When the Bible teaches about headship, it is probably best to translate Greek kephale directly as "head." None of us knows precisely what kephale meant with all its connotations, allusions, and additional teaching that it can trigger. Clearly there is something special about the relationship between a biblical "head" and the group or person that submits to it. We must not go beyond what the Bible says about headship and import (eisegete) our own ideas about it, extending what the biblical text actually says to teachings about leadership roles in the church. They are two separate issues and accurate Bible translations carefully distinguish the two.

Adequate Bible versions should communicate in translation as much as, and no more than, what the biblical texts say and what they mean by what they say.

3 Comments:

At Tue Apr 18, 09:29:00 AM, Blogger lingamish said...

Many in the debates over the roles women can have in the church and home believe that women are to submit to the "headship" of men in the assembly (or church, if you prefer).

I had to read that several times. Many (people)?

What I hear you saying here is that in Eph 5.22-23 the headship described refers only to the relationship between a wife and her husband, and does not extend to any man in the assembly.

There is quite a lot of hierarchy outlined in Paul's writings, but I think there is a telling omission.
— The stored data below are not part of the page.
(* Let $f\ge1$, $\lambda_1=\lambda_2=\dots=\lambda_f<1$ be positive reals, $\mu_1,\dots,\mu_f\in\mathbb C$, $\eta\in(-1,1)$, $u\in\mathbb R$, and $$g(s):=e^{\left(u+i\frac{\pi f}{4}\eta\right)(1/2-s)}\prod_{j=1}^f\Gamma(\lambda_js+\mu_j).$$ Let $\rho$ be a pole of $g$ of order $n$ such that $\Re(\lambda_j\rho+\mu_j)\le0$ for $j=1,\dots,f$ and $$\frac{e^{u/\lambda_1}}{\prod_{j=1}^f\left(|1-\lambda_j\rho-\mu_j|-\lambda_j\right)}<\frac12.$$ Let $c_1,\dots,c_n$ be the coefficients of the polar part of $g$ at $\rho$, so that $g(s+\rho)-\sum_{j=1}^nc_js^{-j}$ is holomorphic at $s=0$. Then $$\left|\sum_{l=1}^\infty\operatorname{Res}_{s=\rho-l/\lambda_1}g(s)\right|<\max_j|c_j|.$$ *)

theory Defs
  imports "HOL-Complex_Analysis.Complex_Analysis"
begin

definition gfun :: "nat \<Rightarrow> (nat \<Rightarrow> real) \<Rightarrow> (nat \<Rightarrow> complex) \<Rightarrow> real \<Rightarrow> real \<Rightarrow> complex \<Rightarrow> complex" where
  "gfun f lam mu eta u s =
     exp ((complex_of_real u + \<i> * complex_of_real (pi * real f / 4 * eta)) * (1/2 - s)) *
     (\<Prod>j=1..f. Gamma (complex_of_real (lam j) * s + mu j))"

end

theory Submission
  imports Defs
begin

(* Since Gamma(z - 1) = Gamma(z) / (z - 1) and all lam_j equal lam, moving s to s - l/lam multiplies g by
   exp(A l/lam) times R_l(s) = prod_j prod_{m=1..l} 1/(lam s + mu_j - m), where A = u + i pi f eta/4.
   Hence the residue of g at rho - l/lam is exp(A l/lam) sum_k c_k [t^(k-1)] R_l(rho + t).
   Each factor 1/(w + lam t) has Taylor coefficients of absolute sum at most 1/(|w| - lam), and
   Re(lam rho + mu_j) <= 0 gives |lam rho + mu_j - m| >= |1 - lam rho - mu_j| for m >= 1.
   So the l-th residue is at most max_k |c_k| q^l with q = exp(u/lam) / prod_j (|1 - lam rho - mu_j| - lam),
   and q < 1/2 makes the geometric series sum to less than max_k |c_k|. *)

lemma fps_inverse_linear:
  fixes w a :: "'a :: field"
  assumes "w \<noteq> 0"
  shows "inverse (fps_const w + fps_const a * fps_X) = Abs_fps (\<lambda>k. (- a) ^ k / w ^ Suc k)"
proof (rule fps_inverse_unique, rule fps_ext)
  fix k
  show "fps_nth ((fps_const w + fps_const a * fps_X) * Abs_fps (\<lambda>k. (- a) ^ k / w ^ Suc k)) k = fps_nth 1 k"
    using assms by (cases k) (simp_all add: algebra_simps)
qed

lemma sum_norm_fps_mult_nth_le:
  fixes F G :: "'a :: {real_normed_algebra, comm_ring} fps"
  shows "(\<Sum>k<N. norm (fps_nth (F * G) k)) \<le> (\<Sum>k<N. norm (fps_nth F k)) * (\<Sum>k<N. norm (fps_nth G k))"
proof -
  have "(\<Sum>k<N. norm (fps_nth (F * G) k)) \<le> (\<Sum>k<N. \<Sum>i\<le>k. norm (fps_nth F i) * norm (fps_nth G (k - i)))"
    unfolding fps_mult_nth atLeast0AtMost
    by (intro sum_mono order_trans[OF norm_sum] sum_mono norm_mult_ineq)
  also have "\<dots> = (\<Sum>(i, j)\<in>{(i, j). i + j < N}. norm (fps_nth F i) * norm (fps_nth G j))"
    by (rule sum.triangle_reindex[symmetric])
  also have "\<dots> \<le> (\<Sum>(i, j)\<in>{..<N} \<times> {..<N}. norm (fps_nth F i) * norm (fps_nth G j))"
    by (rule sum_mono2) auto
  also have "\<dots> = (\<Sum>k<N. norm (fps_nth F k)) * (\<Sum>k<N. norm (fps_nth G k))"
    by (simp add: sum_product sum.cartesian_product)
  finally show ?thesis .
qed

lemma sum_norm_fps_prod_nth_le:
  fixes F :: "'b \<Rightarrow> 'a :: {real_normed_algebra_1, comm_ring_1} fps"
  shows "(\<Sum>k<N. norm (fps_nth (\<Prod>i\<in>I. F i) k)) \<le> (\<Prod>i\<in>I. \<Sum>k<N. norm (fps_nth (F i) k))"
proof (induction I rule: infinite_finite_induct)
  case (insert i I)
  have "(\<Sum>k<N. norm (fps_nth (\<Prod>i\<in>insert i I. F i) k))
      \<le> (\<Sum>k<N. norm (fps_nth (F i) k)) * (\<Sum>k<N. norm (fps_nth (\<Prod>i\<in>I. F i) k))"
    using insert.hyps by (simp add: sum_norm_fps_mult_nth_le)
  also have "\<dots> \<le> (\<Sum>k<N. norm (fps_nth (F i) k)) * (\<Prod>i\<in>I. \<Sum>k<N. norm (fps_nth (F i) k))"
    by (intro mult_left_mono insert.IH sum_nonneg norm_ge_zero)
  finally show ?case
    using insert.hyps by simp
qed (cases N; simp add: lessThan_Suc_eq_insert_0 sum.reindex)+

lemma sum_norm_fps_inverse_linear_le:
  fixes w :: "'a :: real_normed_field"
  assumes "0 \<le> L" "L < norm w"
  shows "(\<Sum>k<N. norm (fps_nth (inverse (fps_const w + fps_const (of_real L) * fps_X)) k))
           \<le> 1 / (norm w - L)"
proof -
  define r where "r = L / norm w"
  have w: "norm w > 0"
    using assms by linarith
  then have "w \<noteq> 0"
    by auto
  then have r: "0 \<le> r" "r < 1"
    using assms by (simp_all add: r_def field_simps)
  have "(\<Sum>k<N. norm (fps_nth (inverse (fps_const w + fps_const (of_real L) * fps_X)) k))
          = (\<Sum>k<N. r ^ k) / norm w"
    unfolding fps_inverse_linear[OF \<open>w \<noteq> 0\<close>] sum_divide_distrib using w assms
    by (intro sum.cong refl) (simp add: norm_divide norm_mult norm_power r_def field_simps)
  also have "\<dots> = (1 - r ^ N) / (1 - r) / norm w"
    using r by (simp add: sum_gp_strict)
  also have "\<dots> \<le> 1 / (1 - r) / norm w"
    using r w by (intro divide_right_mono) auto
  also have "\<dots> = 1 / (norm w - L)"
    using w assms(2) by (simp add: r_def divide_simps)
  finally show ?thesis .
qed

lemma sum_norm_fps_prod_inverse_linear_le:
  fixes w :: "'b \<Rightarrow> 'a :: real_normed_field"
  assumes "0 \<le> L" "\<And>i. i \<in> I \<Longrightarrow> L < norm (w i)"
  shows "(\<Sum>k<N. norm (fps_nth (\<Prod>i\<in>I. inverse (fps_const (w i) + fps_const (of_real L) * fps_X)) k))
           \<le> (\<Prod>i\<in>I. 1 / (norm (w i) - L))"
  using assms
  by (intro order_trans[OF sum_norm_fps_prod_nth_le] prod_mono conjI sum_nonneg norm_ge_zero
      sum_norm_fps_inverse_linear_le)

lemma residue_sum:
  assumes "finite K" "open S" "z \<in> S" "\<And>k. k \<in> K \<Longrightarrow> F k holomorphic_on S - {z}"
  shows "residue (\<lambda>t. \<Sum>k\<in>K. F k t) z = (\<Sum>k\<in>K. residue (F k) z)"
  using assms(1,4)
proof (induction K rule: finite_induct)
  case (insert k K)
  then have "residue (\<lambda>t. F k t + (\<Sum>k\<in>K. F k t)) z = residue (F k) z + residue (\<lambda>t. \<Sum>k\<in>K. F k t) z"
    using assms(2,3) by (intro residue_add) (auto intro!: holomorphic_on_sum)
  with insert show ?case by simp
qed (simp add: residue_const)

lemma residue_polar_part_mult:
  assumes "R has_fps_expansion Rs" "h analytic_on {0}"
    and "\<forall>\<^sub>F t in at 0. F t = ((\<Sum>k=1..n. c k / t ^ k) + h t) * R t"
  shows "residue F 0 = (\<Sum>k<n. c (Suc k) * fps_nth Rs k)"
proof -
  obtain S where S: "open S" "0 \<in> S" "R holomorphic_on S"
    using has_fps_expansion_imp_holomorphic[OF assms(1)] by blast
  obtain r where r: "r > 0" "h holomorphic_on ball 0 r"
    using assms(2) by (auto simp: analytic_on_def)
  define S' where "S' = S \<inter> ball 0 r"
  have S': "open S'" "0 \<in> S'" "R holomorphic_on S'" "h holomorphic_on S'"
    using S r by (auto simp: S'_def)
  have "residue F 0 = residue (\<lambda>t. (\<Sum>k<n. c (Suc k) * (R t / t ^ Suc k)) + h t * R t) 0"
    using assms(3) by (intro residue_cong) (auto elim!: eventually_mono
        simp: sum.atLeast1_atMost_eq algebra_simps sum_distrib_left sum_distrib_right)
  also have "\<dots> = (\<Sum>k<n. residue (\<lambda>t. c (Suc k) * (R t / t ^ Suc k)) 0) + residue (\<lambda>t. h t * R t) 0"
    using S' by (subst residue_add[OF S'(1,2)]) (auto intro!: holomorphic_intros residue_sum)
  also have "residue (\<lambda>t. h t * R t) 0 = 0"
    using S' by (intro residue_holo[of S']) (auto intro!: holomorphic_intros)
  also have "(\<Sum>k<n. residue (\<lambda>t. c (Suc k) * (R t / t ^ Suc k)) 0) = (\<Sum>k<n. c (Suc k) * fps_nth Rs k)"
  proof (intro sum.cong refl)
    fix k
    have "residue (\<lambda>t. c (Suc k) * (R t / t ^ Suc k)) 0 = c (Suc k) * residue (\<lambda>t. R t / t ^ Suc k) 0"
      using S' by (intro residue_lmul[OF S'(1,2)]) (auto intro!: holomorphic_intros)
    then show "residue (\<lambda>t. c (Suc k) * (R t / t ^ Suc k)) 0 = c (Suc k) * fps_nth Rs k"
      by (simp only: residue_fps_expansion_over_power_at_0[OF assms(1)])
  qed
  finally show ?thesis by simp
qed

lemma polar_part_nonzero_at_pole:
  assumes "is_pole F \<rho>" "h analytic_on {0}"
    and "\<forall>\<^sub>F s in at 0. F (s + \<rho>) - (\<Sum>j=1..n. c j / s ^ j) = h s"
  shows "\<exists>j\<in>{1..n}. c j \<noteq> 0"
proof (rule ccontr)
  assume "\<not> (\<exists>j\<in>{1..n}. c j \<noteq> 0)"
  then have "\<forall>\<^sub>F s in at 0. F (\<rho> + s) = h s"
    using assms(3) by (simp add: add.commute)
  moreover have "is_pole (\<lambda>s. F (\<rho> + s)) 0"
    using assms(1) is_pole_shift_0 by blast
  ultimately have "is_pole h 0"
    using is_pole_transform by blast
  with analytic_at_imp_no_pole[OF assms(2)] show False ..
qed

lemma norm_suminf_lt_of_geometric_bound:
  fixes a :: "nat \<Rightarrow> 'a :: banach"
  assumes bound: "\<And>l. norm (a l) \<le> C * q ^ Suc l" and "q < 1/2" "C > 0"
  shows "summable a \<and> norm (suminf a) < C"
proof -
  have "0 \<le> C * q"
    using order_trans[OF norm_ge_zero bound[of 0]] by simp
  with \<open>C > 0\<close> have "0 \<le> q"
    by (simp add: zero_le_mult_iff)
  then have geom: "summable (\<lambda>l. C * q ^ Suc l)"
    using \<open>q < 1/2\<close> by (simp add: summable_geometric)
  have norm_summable: "summable (\<lambda>l. norm (a l))"
    by (rule summable_comparison_test'[OF geom, where N=0]) (use bound in simp)
  have "norm (suminf a) \<le> (\<Sum>l. norm (a l))"
    by (rule summable_norm[OF norm_summable])
  also have "\<dots> \<le> (\<Sum>l. C * q ^ Suc l)"
    by (rule suminf_le[OF bound norm_summable geom])
  also have "\<dots> = C * q / (1 - q)"
    using \<open>0 \<le> q\<close> \<open>q < 1/2\<close> by (simp add: suminf_mult suminf_geometric mult.assoc)
  also have "\<dots> < C"
    using \<open>0 \<le> q\<close> \<open>q < 1/2\<close> \<open>C > 0\<close> by (simp add: field_simps)
  finally show ?thesis
    using summable_norm_cancel[OF norm_summable] by blast
qed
I would expect to see something like, "Assembly submit to your overseer." But that in fact never occurs. Is that because those reading the Greek understood the roles of members of an assembly in a way we don't today? Perhaps the 1st century assembly was far more democratic than our churches today.

 
At Tue Apr 18, 09:56:00 AM, Blogger Wayne Leman said...

I posted:

Many in the debates over the roles women can have in the church and home believe that women are to submit to the "headship" of men in the assembly (or church, if you prefer).

Lingamish commented:

I had to read that several times. Many (people)?

Lingamish, I have revised that sentence slightly. I hope it makes better sense now. And I also hope I now have avoided any hint of the logical fallacy of an appeal to numbers!

:-)

You keep me on my toes. That's good exercise!

 
At Tue Apr 18, 08:05:00 PM, Blogger Eduardo said...

Wayne, you have touched a hornet's nest with this, but I found your post excellent. It is informative, clear, concise, and helpful. I hope to find it should I have to partake in the headship/equality polemics. Thanks!